Sorprende lo útil que está siendo la acusación de injerencia extranjera como excusa para cancelar ideas, políticos y opiniones. Como excusa para salvar la democracia, una acusación de injerencia extranjera puede dejar fuera de juego a un candidato político, aun cuando éste cuente con un gran apoyo popular. Es más, resulta especialmente útil si el candidato posee gran apoyo popular.
La expresión «injerencia electoral» puede abarcar realidades muy diversas, por eso mismo es muy versátil para quienes pretenden usarla como ariete judicial. Los tribunales actúan como herramientas del statu quo, no sólo en las elecciones, sino también en leyes y políticas contrarias al establishment progresista. El impacto real de una injerencia es difícil de evaluar, pero la percepción de dicha injerencia por parte de los votantes es un indicador clave, especialmente cuando existen operaciones de injerencia extranjera en competencia.

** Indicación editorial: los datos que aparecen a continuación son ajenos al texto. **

(* Let $M := \langle X \mid R\rangle$ where $X$ is finite, and suppose that $M$ is normalizing, cancellative, and BF. Then $M$ has accepted elasticity.
   Context: For a set $X$, $\langle X\rangle$ is the free monoid on $X$ (identity $1$); $M=\langle X\mid R\rangle$ is the monoid presented by generators $X$ and relations $R\subseteq\langle X\rangle\times\langle X\rangle$. $|a|$ is word length; $a=_M b$ means equal images in $M$. $M$ is normalizing if $aM=Ma$ for all $a\in M$; cancellative if $ab=ac$ or $ba=ca$ implies $b=c$. $\mathsf{L}_M(a):=\{|b| : b\in\langle X\rangle,\ b=_M a\}$, $\mathcal{L}(M):=\{\mathsf{L}_M(a): a\in\langle X\rangle\}$; $M$ is BF if every $\mathsf{L}_M(a)$ is finite. For $L\subseteq\mathbb{N}$, $\rho(L):=\sup(L\cap\mathbb{N}^+)/\min(L\cap\mathbb{N}^+)$ if $L\cap\mathbb{N}^+\ne\emptyset$, and $\rho(L):=0$ otherwise; $\rho(M):=\sup\{\rho(L): L\in\mathcal{L}(M)\}$. $M$ has accepted elasticity if $\rho(M)=\rho(L)<\infty$ for some $L\in\mathcal{L}(M)$. *)

theory Defs
  imports "HOL-Library.Extended_Real"
begin

text \<open>Words over the generators are lists; the free monoid on X is lists X.
  pres_eq R is the monoid congruence on words generated by the relations R,
  so that a =_M b iff pres_eq R a b.\<close>

inductive pres_eq :: "('a list \<times> 'a list) set \<Rightarrow> 'a list \<Rightarrow> 'a list \<Rightarrow> bool"
  for R where
  base: "(u, v) \<in> R \<Longrightarrow> pres_eq R (p @ u @ q) (p @ v @ q)"
| refl: "pres_eq R a a"
| sym: "pres_eq R a b \<Longrightarrow> pres_eq R b a"
| trans: "pres_eq R a b \<Longrightarrow> pres_eq R b c \<Longrightarrow> pres_eq R a c"

definition normalizing :: "'a set \<Rightarrow> ('a list \<times> 'a list) set \<Rightarrow> bool" where
  "normalizing X R \<longleftrightarrow>
     (\<forall>a\<in>lists X. \<forall>b\<in>lists X.
        (\<exists>c\<in>lists X. pres_eq R (a @ b) (c @ a)) \<and>
        (\<exists>c\<in>lists X. pres_eq R (b @ a) (a @ c)))"

definition cancellative :: "'a set \<Rightarrow> ('a list \<times> 'a list) set \<Rightarrow> bool" where
  "cancellative X R \<longleftrightarrow>
     (\<forall>a\<in>lists X. \<forall>b\<in>lists X. \<forall>c\<in>lists X.
        (pres_eq R (a @ b) (a @ c) \<longrightarrow> pres_eq R b c) \<and>
        (pres_eq R (b @ a) (c @ a) \<longrightarrow> pres_eq R b c))"

definition length_set :: "'a set \<Rightarrow> ('a list \<times> 'a list) set \<Rightarrow> 'a list \<Rightarrow> nat set" where
  "length_set X R a = {length b | b. b \<in> lists X \<and> pres_eq R b a}"

definition length_sets :: "'a set \<Rightarrow> ('a list \<times> 'a list) set \<Rightarrow> nat set set" where
  "length_sets X R = length_set X R ` lists X"

definition BF :: "'a set \<Rightarrow> ('a list \<times> 'a list) set \<Rightarrow> bool" where
  "BF X R \<longleftrightarrow> (\<forall>a\<in>lists X. finite (length_set X R a))"

definition rho_set :: "nat set \<Rightarrow> ereal" where
  "rho_set L = (if L \<inter> {0<..} = {} then 0
     else (SUP n\<in>L \<inter> {0<..}. ereal (real n)) / ereal (real (LEAST n. n \<in> L \<and> 0 < n)))"

definition elasticity :: "'a set \<Rightarrow> ('a list \<times> 'a list) set \<Rightarrow> ereal" where
  "elasticity X R = (SUP L\<in>length_sets X R. rho_set L)"

definition accepted_elasticity :: "'a set \<Rightarrow> ('a list \<times> 'a list) set \<Rightarrow> bool" where
  "accepted_elasticity X R \<longleftrightarrow>
     (\<exists>L\<in>length_sets X R. elasticity X R = rho_set L \<and> rho_set L < \<infinity>)"

end

theory Submission
  imports Defs "HOL-Library.Sublist" "HOL-Library.Infinite_Set"
begin

text \<open>Label each letter of a word by the set of pairs of generators \<open>(x, z)\<close> with
  \<open>x p = p z\<close> in \<open>M\<close>, where \<open>p\<close> is the prefix in front of the letter. Normality and
  cancellativity show that two prefixes with the same label conjugate every word alike, and
  from this: if the label word of \<open>u\<close> embeds as a subsequence into that of \<open>u'\<close>, then
  \<open>u' = u t\<close> in \<open>M\<close> with \<open>|u'| = |u| + |t|\<close>.

  Consider pairs \<open>(u, v)\<close> of words equal in \<open>M\<close>, ordered by embedding of both label words.
  By Higman's lemma there are only finitely many minimal pairs. A non-minimal pair \<open>(u', v')\<close>
  lies above a smaller pair \<open>(u, v)\<close> and then splits as \<open>u' = u t\<close>, \<open>v' = v t'\<close> with
  \<open>(t, t')\<close> again a pair, by cancellation. So \<open>|v'|/|u'|\<close> is a mediant of two ratios of
  smaller pairs, and the largest ratio \<open>|v|/|u|\<close> over all pairs is attained at a minimal pair.
  This largest ratio is the elasticity, and it is the elasticity of the length set of \<open>u\<close>.\<close>

section \<open>Higman's lemma\<close>

definition good :: "('b \<Rightarrow> 'b \<Rightarrow> bool) \<Rightarrow> (nat \<Rightarrow> 'b) \<Rightarrow> bool" where
  "good P f \<longleftrightarrow> (\<exists>i j. i < j \<and> P (f i) (f j))"

definition bad_prefix :: "'b set \<Rightarrow> 'b list list \<Rightarrow> bool" where
  "bad_prefix A ws \<longleftrightarrow>
     (\<exists>g. (\<forall>i. g i \<in> lists A) \<and> \<not> good subseq g \<and> (\<forall>i<length ws. g i = ws ! i))"

fun min_bad_prefix :: "'b set \<Rightarrow> nat \<Rightarrow> 'b list list" where
  "min_bad_prefix A 0 = []"
| "min_bad_prefix A (Suc n) =
     min_bad_prefix A n @ [arg_min length (\<lambda>w. bad_prefix A (min_bad_prefix A n @ [w]))]"

definition min_bad_seq :: "'b set \<Rightarrow> nat \<Rightarrow> 'b list" where
  "min_bad_seq A i = last (min_bad_prefix A (Suc i))"

lemma min_bad_prefix_eq_map: "min_bad_prefix A n = map (min_bad_seq A) [0..<n]"
  by (induction n) (simp_all add: min_bad_seq_def)

lemma bad_prefix_min_bad_prefix:
  assumes "bad_prefix A []"
  shows "bad_prefix A (min_bad_prefix A n)"
proof (induction n)
  case 0
  then show ?case using assms by simp
next
  case (Suc n)
  then obtain g where g: "\<forall>i. g i \<in> lists A" "\<not> good subseq g"
      "\<forall>i<length (min_bad_prefix A n). g i = min_bad_prefix A n ! i"
    unfolding bad_prefix_def by blast
  have "bad_prefix A (min_bad_prefix A n @ [g n])"
    unfolding bad_prefix_def using g
    by (intro exI[of _ g]) (auto simp: min_bad_prefix_eq_map nth_append less_Suc_eq)
  then show ?case
    using arg_min_natI[of "\<lambda>w. bad_prefix A (min_bad_prefix A n @ [w])" "g n" length] by simp
qed

lemma min_bad_seq_minimal:
  assumes "bad_prefix A (map (min_bad_seq A) [0..<n] @ [w])"
  shows "length (min_bad_seq A n) \<le> length w"
proof -
  have "min_bad_seq A n = arg_min length (\<lambda>w. bad_prefix A (map (min_bad_seq A) [0..<n] @ [w]))"
    by (simp add: min_bad_seq_def min_bad_prefix_eq_map[symmetric])
  then show ?thesis
    using arg_min_nat_le[of "\<lambda>w. bad_prefix A (map (min_bad_seq A) [0..<n] @ [w])" w length] assms
    by simp
qed

lemma min_bad_seq_bad:
  assumes "bad_prefix A []"
  shows "min_bad_seq A i \<in> lists A" and "\<not> good subseq (min_bad_seq A)"
proof -
  have extends: "\<exists>g. (\<forall>i. g i \<in> lists A) \<and> \<not> good subseq g \<and> (\<forall>i<n. g i = min_bad_seq A i)" for n
    using bad_prefix_min_bad_prefix[OF assms, of n] unfolding bad_prefix_def
    by (simp add: min_bad_prefix_eq_map)
  then show "min_bad_seq A i \<in> lists A" by (metis lessI)
  show "\<not> good subseq (min_bad_seq A)"
  proof
    assume "good subseq (min_bad_seq A)"
    then obtain i j where ij: "i < j" "subseq (min_bad_seq A i) (min_bad_seq A j)"
      unfolding good_def by blast
    obtain g where g: "\<not> good subseq g" "\<forall>k<Suc j. g k = min_bad_seq A k"
      using extends[of "Suc j"] by blast
    then have "subseq (g i) (g j)" using ij by simp
    then show False using g(1) ij(1) unfolding good_def by blast
  qed
qed
(* Let $M_n=(Q,\Sigma,\Delta,Q_\alpha,F)$ be a simple NFA. Then the DFA $M_d=\mathrm{SubsetConstruction}(M_n)$ is minimal, i.e. no DFA with fewer states recognizes the same language as $M_d$.
   Context: An NFA is a tuple $M=(Q,\Sigma,\Delta,Q_\alpha,F)$ where $Q$ is a finite set of states, $\Sigma$ a finite alphabet, $\Delta:Q\times\Sigma\to\mathcal{P}(Q)$ the transition function, $Q_\alpha\subseteq Q$ the set of start states and $F\subseteq Q$ the set of accepting states. $\Delta$ is extended to strings by $\hat\Delta(q,\varepsilon)=\{q\}$ and $\hat\Delta(q,\sigma s)=\bigcup_{p\in\Delta(q,\sigma)}\hat\Delta(p,s)$ for $\sigma\in\Sigma$, $s\in\Sigma^*$. The language of a state $q$ is $\mathcal{L}(q)=\{s\in\Sigma^*:\hat\Delta(q,s)\cap F\neq\emptyset\}$, and for $Q'\subseteq Q$, $\mathcal{L}(Q')=\bigcup_{q\in Q'}\mathcal{L}(q)$; $M$ recognizes $\mathcal{L}(Q_\alpha)$. A state $q$ is accessible if $q\in\hat\Delta(q_\alpha,s)$ for some $q_\alpha\in Q_\alpha$ and $s\in\Sigma^*$. An NFA is called simple if all its states are accessible and the languages $\mathcal{L}(q)$, $q\in Q$, are non-empty and pairwise disjoint. $\mathrm{SubsetConstruction}(M)$ denotes the DFA obtained by the subset construction with inaccessible states removed: its states are the subsets of $Q$ of the form $\hat\delta(Q_\alpha,s)$, $s\in\Sigma^*$, where $\delta(Q',\sigma)=\bigcup_{q\in Q'}\Delta(q,\sigma)$ (extended to strings in the usual way); its start state is $Q_\alpha$, its transition function is $\delta$, and its accepting states are those subsets $Q'$ with $Q'\cap F\neq\emptyset$. It recognizes the same language as $M$. *)

theory Defs
  imports Main
begin

text \<open>An NFA (Q, Sigma, Delta, Q_alpha, F) and a (complete) DFA (S, Sigma, delta, s0, F).\<close>

type_synonym ('q,'a) nfa = "'q set \<times> 'a set \<times> ('q \<Rightarrow> 'a \<Rightarrow> 'q set) \<times> 'q set \<times> 'q set"
type_synonym ('s,'a) dfa = "'s set \<times> 'a set \<times> ('s \<Rightarrow> 'a \<Rightarrow> 's) \<times> 's \<times> 's set"

definition is_nfa :: "('q,'a) nfa \<Rightarrow> bool" where
  "is_nfa M = (case M of (Q, \<Sigma>, \<Delta>, Qa, F) \<Rightarrow>
     finite Q \<and> finite \<Sigma> \<and> (\<forall>q\<in>Q. \<forall>a\<in>\<Sigma>. \<Delta> q a \<subseteq> Q) \<and> Qa \<subseteq> Q \<and> F \<subseteq> Q)"

fun nfa_hat :: "('q \<Rightarrow> 'a \<Rightarrow> 'q set) \<Rightarrow> 'q \<Rightarrow> 'a list \<Rightarrow> 'q set" where
  "nfa_hat \<Delta> q [] = {q}"
| "nfa_hat \<Delta> q (a # s) = (\<Union>p\<in>\<Delta> q a. nfa_hat \<Delta> p s)"

definition state_lang :: "('q,'a) nfa \<Rightarrow> 'q \<Rightarrow> 'a list set" where
  "state_lang M q = (case M of (Q, \<Sigma>, \<Delta>, Qa, F) \<Rightarrow>
     {s \<in> lists \<Sigma>. nfa_hat \<Delta> q s \<inter> F \<noteq> {}})"

definition nfa_lang :: "('q,'a) nfa \<Rightarrow> 'a list set" where
  "nfa_lang M = (case M of (Q, \<Sigma>, \<Delta>, Qa, F) \<Rightarrow> (\<Union>q\<in>Qa. state_lang M q))"

definition accessible :: "('q,'a) nfa \<Rightarrow> 'q \<Rightarrow> bool" where
  "accessible M q = (case M of (Q, \<Sigma>, \<Delta>, Qa, F) \<Rightarrow>
     (\<exists>qa\<in>Qa. \<exists>s\<in>lists \<Sigma>. q \<in> nfa_hat \<Delta> qa s))"
lemma integral_square_indefinite_by_parts:
  fixes f q q' :: "real \<Rightarrow> real"
  assumes f: "f absolutely_integrable_on {0..L}" and f0: "integral {0..L} f = 0"
    and q: "\<And>x. x \<in> {0..L} \<Longrightarrow> (q has_real_derivative q' x) (at x within {0..L})"
    and q': "continuous_on {0..L} q'"
  shows "integral {0..L} (\<lambda>x. q' x * (integral {0..x} f)^2)
         + integral {0..L} (\<lambda>t. 2 * f t * integral {0..t} f * q t) = 0"
proof (cases "0 \<le> L")
  case L: True
  define U where "U x = integral {0..x} f" for x
  define h where "h = (\<lambda>t. 2 * f t * U t)"
  have "f integrable_on {0..L}" using f set_lebesgue_integral_eq_integral(1) by blast
  then have Uc: "continuous_on {0..L} U" unfolding U_def by (rule indefinite_integral_continuous_1)
  have qc: "continuous_on {0..L} q" using q by (rule DERIV_continuous_on)
  have "(\<lambda>t. (2 * U t) * f t) absolutely_integrable_on {0..L}"
    by (intro absolutely_integrable_continuous_mult continuous_intros Uc f)
  then have h: "h absolutely_integrable_on {0..L}" by (simp add: h_def mult_ac)
  then have hi: "h integrable_on {0..L}" using set_lebesgue_integral_eq_integral(1) by blast
  have "(\<lambda>t. q t * h t) absolutely_integrable_on {0..L}"
    using qc h by (rule absolutely_integrable_continuous_mult)
  then have hqi: "(\<lambda>t. h t * q t) integrable_on {0..L}"
    using set_lebesgue_integral_eq_integral(1) by (simp add: mult.commute)
  have hU: "integral {0..x} h = (U x)^2" if "x \<in> {0..L}" for x
    using square_indefinite_integral[OF f that] by (simp add: h_def U_def)
  have h0: "integral {0..L} h = 0" using hU[of L] L f0 by (simp add: U_def)
  have q'q: "integral {0..t} q' = q t - q 0" if "t \<in> {0..L}" for t
  proof (rule integral_unique, rule fundamental_theorem_of_calculus)
    show "0 \<le> t" using that by simp
    show "(q has_vector_derivative q' y) (at y within {0..t})" if "y \<in> {0..t}" for y
      using \<open>t \<in> {0..L}\<close> that q[of y] DERIV_subset[of q "q' y" y "{0..L}" "{0..t}"]
      by (simp add: has_real_derivative_iff_has_vector_derivative)
  qed
  have "integral {0..L} (\<lambda>x. q' x * integral {0..x} h) + integral {0..L} (\<lambda>t. h t * integral {0..t} q')
        = integral {0..L} q' * integral {0..L} h"
    by (rule integration_by_parts_indefinite_integrals[OF h absolutely_integrable_continuous_real[OF q']])
  moreover have "integral {0..L} (\<lambda>x. q' x * integral {0..x} h) = integral {0..L} (\<lambda>x. q' x * (U x)^2)"
    by (rule integral_cong) (simp add: hU)
  moreover have "integral {0..L} (\<lambda>t. h t * integral {0..t} q') = integral {0..L} (\<lambda>t. h t * q t - q 0 * h t)"
    by (rule integral_cong) (simp add: q'q algebra_simps)
  moreover have "\<dots> = integral {0..L} (\<lambda>t. h t * q t)"
    using hi hqi h0 by (simp add: integral_diff integrable_on_mult_right)
  ultimately show ?thesis using h0 by (simp add: U_def h_def)
qed simp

La injerencia es un hecho ineludible, salvo que se impidiera que los ciudadanos de un país tuvieran contacto alguno con el exterior, así como con la producción de mensajes y contenidos de índole política en otros soportes como el arte, el periodismo o el intercambio académico. Pero como esta alocada posibilidad daría por tierra con cualquier democracia, va de suyo que en democracia no pueden censurarse los intercambios entre personas y menos con la excusa de salvar la democracia. La pregunta, en consecuencia, no es si hay injerencias sino de quiénes y en qué formato. Y, fundamentalmente, si existen injerencias buenas e injerencias malas. Tal vez porque no es sencillo admitir hasta qué punto la línea entre «apoyo democrático» y «manipulación política» es más delgada de lo que la polarización nos permite aceptar.